My heart races. I know what that beep means. I’ve seen Tallulah’s phone go off, the app on her phone, which she explained is connected to her continuous glucose monitor, beeping to alert her that she’s too low or too high. She’s told me if I hear that beeping in the night and it doesn’t stop, that I can come bang on her door and make sure she’s awake before she gets too high or too low.
The beeping stops, which is a small relief. I realize I’m holding my breath, so I force it out, force myself to take a deep, slow breath in, then breathe out. I count seconds, listening closely, trying notto worry. She only said to make sure she’s awake when the beeping keeps going, but what if it malfunctioned? What if she’s still not okay?
I’m emptying my lap of my knitting materials, tugging off my headphones from where I set them curved around my neck, when I hear the muffled sound of crying—Tallulah crying. I bolt out of my rocking chair, rush down the hall, past the dogs. I knock hard on Tallulah’s door. “Lula? You okay?”
Her voice answers right away, but it’s faint and hoarse. “Y-yes.”
I press my forehead to the door, exhaling heavily. I’m relieved that she answered, that she’s well enough to tell me she’s okay. But I’m also struggling so hard, anxiety pulsing through me. It doesn’t feel like enough, to stand here with a door between us, with only that shaky reassurance to hold on to.
“Lula,” I say loud enough so she can hear me through the door. “Can I...” I swallow roughly, then take a deep, slow breath. “Can I come in?”
There’s a beat of silence, then another hoarse, unsteady “Yes.”
I open her door instantly, speeding into the room. She lies curled up on her side in bed, blue hair fanned out across her pillow, tears streaking down her cheeks as she clutches a juice box and sucks steadily on the straw. My heart plummets to the soles of my feet.
“Lula.” I rush toward her.
She sniffles as I kneel beside her. I want to touch her so badly, do something, help somehow, but I’m unsure what would feel good, what might make things worse.
“I’m okay,” she mutters. The bubbly sound of the last of her juice disappearing through the straw echoes in the room.
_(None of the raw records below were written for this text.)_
(* Let $G=(V,E)$ be a finite graph with a population function $p:V\to\mathbb{R}_{>0}$, let $k\ge 2$, $0<\epsilon<1$, and let $T=p(V)/k$, where $h(W)=\sum_{v\in W}h(v)$ for $W\subseteq V$ and any $h:V\to\mathbb{R}$. Let $P=\{P_1,\dots,P_k\}$ and $P'=\{P_1',\dots,P_k'\}$ be districting plans in $\mathcal{P}_{k,\epsilon}(G)$ with vertex sets $V_1,\dots,V_k$ and $V_1',\dots,V_k'$. Suppose $P'$ is a graph-preserving one-way perturbation of $P$: there are indices $i\ne j$ and a nonempty set $V_{ij}\subseteq V_i$ such that $V_i'=V_i\setminus V_{ij}$, $V_j'=V_j\cup V_{ij}$, $V_m'=V_m$ for all $m\ne i,j$, and the map $w_m\mapsto w_m'$ is an isomorphism between the district dual graphs $G_P$ and $G_{P'}$. Let $a,b:V\to\mathbb{R}$ satisfy $0\le a(v)\le b(v)\le p(v)$ and $b(v)>0$ for all $v\in V$, and for $W\subseteq V$ nonempty write $f(W)=a(W)/b(W)$; define filtration functions on the district dual graphs by $f(w_m)=f(V_m)$ and $f(w_m')=f(V_m')$. Let $\alpha>0$ satisfy $b(W)/p(W)\ge \alpha$ for $W=V_i,V_i',V_j,V_j'$. Let $\mathcal{D}_P$ and $\mathcal{D}_{P'}$ be the degree-$0$ persistence diagrams of the sublevel-set filtrations of $G_P$ and $G_{P'}$ induced by $f$. Then $$d_\infty(\mathcal{D}_P,\mathcal{D}_{P'})\le \frac{2\epsilon}{\alpha(1-\epsilon)}\max\Bigl(\bigl|f(V_{ij})-f(V_i)\bigr|,\ \bigl|f(V_{ij})-f(V_j)\bigr|\Bigr).$$
   Context: Districting plans: $\mathcal{P}_{k,\epsilon}(G)$ is the set of partitions $P=\{P_1,\dots,P_k\}$ of $G$ into induced subgraphs $P_m=(V_m,E_m)$ on a vertex partition $V=V_1\sqcup\dots\sqcup V_k$, with each $P_m$ connected and $(1-\epsilon)T\le p(V_m)\le(1+\epsilon)T$. District dual graph $G_P$: vertices $w_1,\dots,w_k$ (one per district), with $w_m,w_l$ adjacent iff some edge of $E$ joins $V_m$ and $V_l$. Sublevel-set filtration and degree-0 persistence diagram: for a finite graph $H$ with vertex function $F$, for each $t$ let $H^t$ be the subgraph induced on vertices with $F\le t$ (edges appear once both endpoints are present); the diagram $\mathcal{D}_F$ is the multiset of (birth, death) pairs $(b,d)$, $d\in\mathbb{R}\cup\{\infty\}$, of connected components of $H^t$ as $t$ increases, with the elder rule (on merging, the younger component dies) and $d=\infty$ for components that never die; diagonal points may be ignored. Bottleneck distance $d_\infty$: infimum over partial bijections $\phi$ between the diagrams of the maximum of $\|x-\phi(x)\|_\infty$ over matched points and of the $\ell_\infty$ distance to the diagonal (i.e.\ $(d-b)/2$) over unmatched points, with $\infty-\infty=0$. *)

theory Defs
  imports Complex_Main "HOL-Library.Multiset" "HOL-Library.Extended_Real"
begin

definition induced_rel :: "'a set \<Rightarrow> ('a \<Rightarrow> 'a \<Rightarrow> bool) \<Rightarrow> 'a \<Rightarrow> 'a \<Rightarrow> bool" where
  "induced_rel S E u v \<longleftrightarrow> u \<in> S \<and> v \<in> S \<and> E u v"

definition connected_set :: "'a set \<Rightarrow> ('a \<Rightarrow> 'a \<Rightarrow> bool) \<Rightarrow> bool" where
  "connected_set S E \<longleftrightarrow> S \<noteq> {} \<and> (\<forall>u\<in>S. \<forall>v\<in>S. (induced_rel S E)\<^sup>*\<^sup>* u v)"

definition components :: "'a set \<Rightarrow> ('a \<Rightarrow> 'a \<Rightarrow> bool) \<Rightarrow> 'a set set" where
  "components S E = (\<lambda>u. {v \<in> S. (induced_rel S E)\<^sup>*\<^sup>* u v}) ` S"

definition districting_plan ::
  "'v set \<Rightarrow> ('v \<Rightarrow> 'v \<Rightarrow> bool) \<Rightarrow> ('v \<Rightarrow> real) \<Rightarrow> nat \<Rightarrow> real \<Rightarrow> (nat \<Rightarrow> 'v set) \<Rightarrow> bool" where
  "districting_plan V E p k \<epsilon> VV \<longleftrightarrow>
     (\<Union>m<k. VV m) = V \<and>
     (\<forall>m<k. \<forall>l<k. m \<noteq> l \<longrightarrow> VV m \<inter> VV l = {}) \<and>
     (\<forall>m<k. connected_set (VV m) E) \<and>
     (\<forall>m<k. (1 - \<epsilon>) * (sum p V / real k) \<le> sum p (VV m)
            \<and> sum p (VV m) \<le> (1 + \<epsilon>) * (sum p V / real k))"

text \<open>Adjacency in the district dual graph G_P (vertices w_0..w_(k-1) = indices m < k).\<close>
definition dual_adj :: "('v \<Rightarrow> 'v \<Rightarrow> bool) \<Rightarrow> (nat \<Rightarrow> 'v set) \<Rightarrow> nat \<Rightarrow> nat \<Rightarrow> bool" where
  "dual_adj E VV m l \<longleftrightarrow> m \<noteq> l \<and> (\<exists>u\<in>VV m. \<exists>v\<in>VV l. E u v)"

definition sublevel :: "'a set \<Rightarrow> ('a \<Rightarrow> real) \<Rightarrow> real \<Rightarrow> 'a set" where
  "sublevel H F t = {v \<in> H. F v \<le> t}"

definition strict_sublevel :: "'a set \<Rightarrow> ('a \<Rightarrow> real) \<Rightarrow> real \<Rightarrow> 'a set" where
  "strict_sublevel H F t = {v \<in> H. F v < t}"

definition merged_births :: "'a set \<Rightarrow> ('a \<Rightarrow> 'a \<Rightarrow> bool) \<Rightarrow> ('a \<Rightarrow> real) \<Rightarrow> real \<Rightarrow> 'a set \<Rightarrow> real multiset" where
  "merged_births H E F t C =
     image_mset (\<lambda>c. Min (F ` c)) (mset_set {c \<in> components (strict_sublevel H F t) E. c \<subseteq> C})"

text \<open>Elder rule: at level t, inside each component C of H^t, all merging older components
  except one oldest die at t; each component of H lives forever from its minimal value.
  Points on the diagonal are omitted.\<close>
definition pd0 :: "'a set \<Rightarrow> ('a \<Rightarrow> 'a \<Rightarrow> bool) \<Rightarrow> ('a \<Rightarrow> real) \<Rightarrow> (real \<times> ereal) multiset" where
  "pd0 H E F =
     (\<Sum>C\<in>components H E. {# (Min (F ` C), PInfty) #}) +
     (\<Sum>t\<in>F ` H. \<Sum>C\<in>components (sublevel H F t) E.
        image_mset (\<lambda>b. (b, ereal t))
          (merged_births H E F t C - {# Min (set_mset (merged_births H E F t C)) #}))"
lemma W_asymp:
  "asymp_equiv2 (W N (radial_weight E) r) (\<lambda>n. real n powr m * ln (real n) powr (m - 1 + \<epsilon>))"
proof (rule asymp_equiv2_bounded_ratio)
  show "asymp_equiv2 (\<lambda>n. \<Sum>k\<le>n. \<phi> k) (\<lambda>n. real n powr m * ln (real n) powr (m - 1 + \<epsilon>))"
    using asymp_equiv2_sum_powr_ln[of "m - 1" "m - 1 + \<epsilon>"] one_lt_m eps_pos by (simp add: \<phi>_def)
  show "0 < \<kappa> powr (1 - m)" and "0 < 2 * \<kappa> powr (1 - m)"
    using kappa_pos by simp_all
  fix n
  have "\<kappa> powr (1 - m) * \<phi> k \<le> E k" and "E k \<le> 2 * \<kappa> powr (1 - m) * \<phi> k" for k
  proof -
    have "0 \<le> \<kappa> powr (1 - m) * \<phi> k"
      using phi_pos[of k] by simp
    then show "\<kappa> powr (1 - m) * \<phi> k \<le> E k" and "E k \<le> 2 * \<kappa> powr (1 - m) * \<phi> k"
      using mult_right_mono[OF flux_bounds(1)] mult_right_mono[OF flux_bounds(2)]
      by (simp_all add: E_eq mult.assoc)
  qed
  then show "\<kappa> powr (1 - m) * (\<Sum>k\<le>n. \<phi> k) \<le> W N (radial_weight E) r n"
    and "W N (radial_weight E) r n \<le> 2 * \<kappa> powr (1 - m) * (\<Sum>k\<le>n. \<phi> k)"
    by (simp_all add: W_radial_weight sum_distrib_left sum_mono)
qed

lemma u_nonconstant: "\<exists>y\<in>V. u y \<noteq> u r"
proof -
  have "nbrs N r \<noteq> {}"
    using card_nbrs[OF root_in_tree] two_le_N by auto
  then obtain y where y: "y \<in> nbrs N r"
    by blast
  then have "depth r y = 1"
    using depth_nbr[of y r] by simp
  then have "u y = u r - \<delta> 0"
    by (simp add: u_def profile_Suc)
  then show ?thesis
    using y nbrs_in_tree_verts delta_pos[of 0] by force
qed

lemma u_pos: "0 < u x"
  using profile_bounds(1)[of "depth r x"] by (simp add: u_def)

end

theorem mainTheorem9:
  fixes N :: nat and r :: "nat list" and m p q \<epsilon> :: real
  assumes "N \<ge> 2" and "r \<in> tree_verts N" and "m > 1" and "q \<ge> m" and "\<epsilon> > 0"
  shows "\<exists>\<mu>. is_weight N \<mu> \<and>
           asymp_equiv2 (W N \<mu> r) (\<lambda>n. real n powr m * ln (real n) powr (m - 1 + \<epsilon>)) \<and>
           (\<exists>u :: nat list \<Rightarrow> real.
               (\<forall>x\<in>tree_verts N. u x > 0) \<and>
               (\<exists>x\<in>tree_verts N. \<exists>y\<in>tree_verts N. u x \<noteq> u y) \<and>
               (\<forall>x\<in>tree_verts N. m_laplacian N \<mu> m u x + u x powr p * grad_norm N \<mu> u x powr q \<le> 0))"
proof -
  interpret radial_supersolution N r m \<epsilon> p q
    using assms by unfold_locales auto
  have "is_weight N (radial_weight E)"
    using E_pos by (rule is_weight_radial_weight)
  moreover have "\<exists>x\<in>V. \<exists>y\<in>V. u x \<noteq> u y"
    using u_nonconstant root_in_tree by blast
  ultimately show ?thesis
    using W_asymp u_pos supersolution by blast
qed
(* Let $k$ be a field, $M$ a regular matroid of rank $r$ on ground set $E=\{e_1,\ldots,e_n\}$ ordered by $e_1<\cdots<e_n$, with basis $B=\{e_{n-r+1},\ldots,e_n\}$, and let $\Theta^B=\{\theta_{e_j}: e_j\in B\}$ with $\theta_{e_j}=\sum_{e_i\in\mathrm{coc}(B,e_j)}a^*_{ji}x_i$ built from an admissible signed fundamental cocircuit incidence matrix $(a^*_{ji})$. For each circuit $C$ let $p_C\in k[x_1,\ldots,x_{n-r}]$ be the polynomial obtained from $\prod_{e_j\in\overline{C}}x_j$ by substituting, for each $j\ge n-r+1$, $x_j=-(a^*_{jj})^{-1}\sum_{e_i\in\mathrm{coc}(B,e_j),\,i\neq j}a^*_{ji}x_i$, and let $J(\Delta_{\mathrm{BC}}(M))=\langle p_C : C \text{ a circuit of } M\rangle\subseteq k[x_1,\ldots,x_{n-r}]$. Then, identifying $k[x_1,\ldots,x_n]/(\Theta^B)$ with $k[x_1,\ldots,x_{n-r}]$ via this substitution, $I_{\Delta_{\mathrm{BC}}(M)}+(\Theta^B)$ corresponds to $J(\Delta_{\mathrm{BC}}(M))$; in particular $$k[\Delta_{\mathrm{BC}}(M)]/(\Theta^B)\cong k[x_1,\ldots,x_{n-r}]/J(\Delta_{\mathrm{BC}}(M)).$$
   Context: $\mathrm{coc}(B,b)$ for $b\in B$ is the unique cocircuit of $M$ contained in $(E\setminus B)\cup\{b\}$ and containing $b$; for $j\ge n-r+1$ one has $\mathrm{coc}(B,e_j)\setminus\{e_j\}\subseteq\{e_1,\ldots,e_{n-r}\}$. The fundamental cocircuit incidence matrix has rows indexed by the fundamental cocircuits $\mathrm{coc}(B,e_j)$, columns by $e_1,\ldots,e_n$, entry $1$ if $e_i\in\mathrm{coc}(B,e_j)$, else $0$. A signing replaces some $1$'s by $-1$; it is admissible over $k$ if it is the restriction to these rows of a signing of the full cocircuit incidence matrix (rows = all cocircuits) for which some signing of the circuit incidence matrix (rows = all circuits) satisfies $\widetilde{\mathcal{A}}_M(\mathcal{C})\widetilde{\mathcal{A}}_M(\mathcal{C}^* )^T=0$ over $k$. For a circuit $C$, $\overline{C}=C\setminus\{\min C\}$ is its broken circuit; $\Delta_{\mathrm{BC}}(M)$ is the complex of sets containing no broken circuit, and its Stanley–Reisner ideal is $I_{\Delta_{\mathrm{BC}}(M)}=\langle\prod_{e_i\in\overline{C}}x_i : C\text{ a circuit}\rangle\subseteq k[x_1,\ldots,x_n]$. *)

theory Defs
  imports Complex_Main "HOL-Library.Poly_Mapping" "HOL-Combinatorics.Permutations"
begin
I stare at her, my hand moving across the sheet toward hers, which rests limply on the bed. “Can I...” I search her eyes. “Can I do anything? Can I help?”
Her pinkie brushes my fingertip, then hooks around mine. Wearily, she tips the juice box my way. I take it from her, then set it on her nightstand.
Tallulah gropes for her phone on the mattress, then opens it, peers at the app, and sighs. “Fruit snacks?” she asks quietly. “In my nightstand drawer?”
Relieved to have something to do, some small way to help, I turn to open the drawer and pull out a pack of fruit snacks.
“One more,” she says quietly, then adds, “Please.”
I pull out another fruit snack bag, then set both of them on her bed. I tear one open and hold it out for her. She reaches inside, cups the bag’s entire contents inside her hand, then drops them into her mouth. Her eyes shut as she chews, and a heavy sigh leaves her. She seems so... weary. So tired.